## INSTRUCTIONS FOR THE TASK
Line count for "longleftrightarrow": give the number of lines in the records below that hold it, and nothing else.

## TASK INPUTS
(* Let $B$ satisfy the conditions on the magnetic field in Assumption 5.1, let $\Phi$ be a flux, $A\in\mathcal A_{\Phi,2\pi}(B)$ and $\hat{\mathbf v}\in\mathbb S^2$. Then, in the sense of distributions on the open set $\Lambda_{\hat{\mathbf v}}$, $$\nabla_x\int_{-\infty}^\infty\hat{\mathbf v}\cdot A(x+\tau\hat{\mathbf v})\,d\tau=\int_{-\infty}^\infty\hat{\mathbf v}\times B(x+\tau\hat{\mathbf v})\,d\tau.$$
   Context: Solid torus $T=\mathbb S^1\times\overline D$; a handlebody with $k\ge1$ handles is a compact oriented 3-manifold with boundary diffeomorphic to the boundary connected sum of $k$ copies of $T$, one with $0$ handles is diffeomorphic to the closed unit ball. $K\subset\mathbb R^3$ compact 3-dimensional submanifold with smooth boundary with handlebody components $K_1,\dots,K_L$ ($N$ handles); $\Lambda=\mathbb R^3\setminus K$. For the $k$-th handle, $\hat\gamma_k=\tilde\gamma_k+\frac\varepsilon2\nu(\tilde\gamma_k)\subset\Lambda$, $\tilde\gamma_k=\partial B_k$ the boundary of a meridian disc, $\nu$ exterior unit normal, $\varepsilon$ small. Magnetic-field part of Assumption 5.1: $B$ bounded real vector field on $\overline\Lambda$, continuous near $\partial K$, $\operatorname{div}B=0$ in $\Lambda$, $\int_{\partial K_j}B\cdot dS=0$ for all $j$, $|B(x)|\le C(1+|x|)^{-\mu}$ with $\mu>2$, and $\operatorname{curl}B$ bounded with $|\operatorname{curl}B(x)|\le C(1+|x|)^{-\mu}$. $\mathcal A_{\Phi,2\pi}(B)$ ($\Phi\in\mathbb R^N$): continuous real vector fields $A$ on $\overline\Lambda$ with $|A(x)|\le C(1+|x|)^{-1}$, $\omega(r):=\sup_{x\in\Lambda,|x|\ge r}|A(x)\cdot x/|x||\in L^1(0,\infty)$, $\int_{\hat\gamma_j}A=\Phi_j+2\pi n_j(A)$, $n_j(A)\in\mathbb Z$, $\operatorname{curl}A=B$ in $\Lambda$. $\Lambda_{\hat{\mathbf v}}:=\{x\in\Lambda:x+\tau\hat{\mathbf v}\in\Lambda\ \forall\tau\in\mathbb R\}$. *)

theory Defs
  imports "HOL-Analysis.Analysis"
begin

definition pd :: "3 \<Rightarrow> (real^3 \<Rightarrow> real) \<Rightarrow> real^3 \<Rightarrow> real" where
  "pd i f x = frechet_derivative f (at x) (axis i 1)"

fun iter_pd :: "3 list \<Rightarrow> (real^3 \<Rightarrow> real) \<Rightarrow> real^3 \<Rightarrow> real" where
  "iter_pd [] f = f"
| "iter_pd (i # is) f = pd i (iter_pd is f)"

text \<open>C-infinity on all of R^3: every iterated partial derivative is (Frechet) differentiable
  everywhere (hence all partial derivatives of all orders exist and are continuous).\<close>
definition smooth3 :: "(real^3 \<Rightarrow> real) \<Rightarrow> bool" where
  "smooth3 f \<longleftrightarrow> (\<forall>is x. iter_pd is f differentiable (at x))"

definition grad3 :: "(real^3 \<Rightarrow> real) \<Rightarrow> real^3 \<Rightarrow> real^3" where
  "grad3 f x = (\<chi> i. pd i f x)"

definition tsupport3 :: "(real^3 \<Rightarrow> 'b::zero) \<Rightarrow> (real^3) set" where
  "tsupport3 f = closure {x. f x \<noteq> 0}"

definition test_fun :: "(real^3) set \<Rightarrow> (real^3 \<Rightarrow> real) \<Rightarrow> bool" where
  "test_fun U \<phi> \<longleftrightarrow> smooth3 \<phi> \<and> compact (tsupport3 \<phi>) \<and> tsupport3 \<phi> \<subseteq> U"

definition vtest_fun :: "(real^3) set \<Rightarrow> (real^3 \<Rightarrow> real^3) \<Rightarrow> bool" where
  "vtest_fun U \<psi> \<longleftrightarrow> (\<forall>i. smooth3 (\<lambda>x. \<psi> x $ i)) \<and> compact (tsupport3 \<psi>) \<and> tsupport3 \<psi> \<subseteq> U"

definition curl3 :: "(real^3 \<Rightarrow> real^3) \<Rightarrow> real^3 \<Rightarrow> real^3" where
  "curl3 \<psi> x = vector [
      pd 2 (\<lambda>y. \<psi> y $ 3) x - pd 3 (\<lambda>y. \<psi> y $ 2) x,
      pd 3 (\<lambda>y. \<psi> y $ 1) x - pd 1 (\<lambda>y. \<psi> y $ 3) x,
      pd 1 (\<lambda>y. \<psi> y $ 2) x - pd 2 (\<lambda>y. \<psi> y $ 1) x]"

## RESULT
3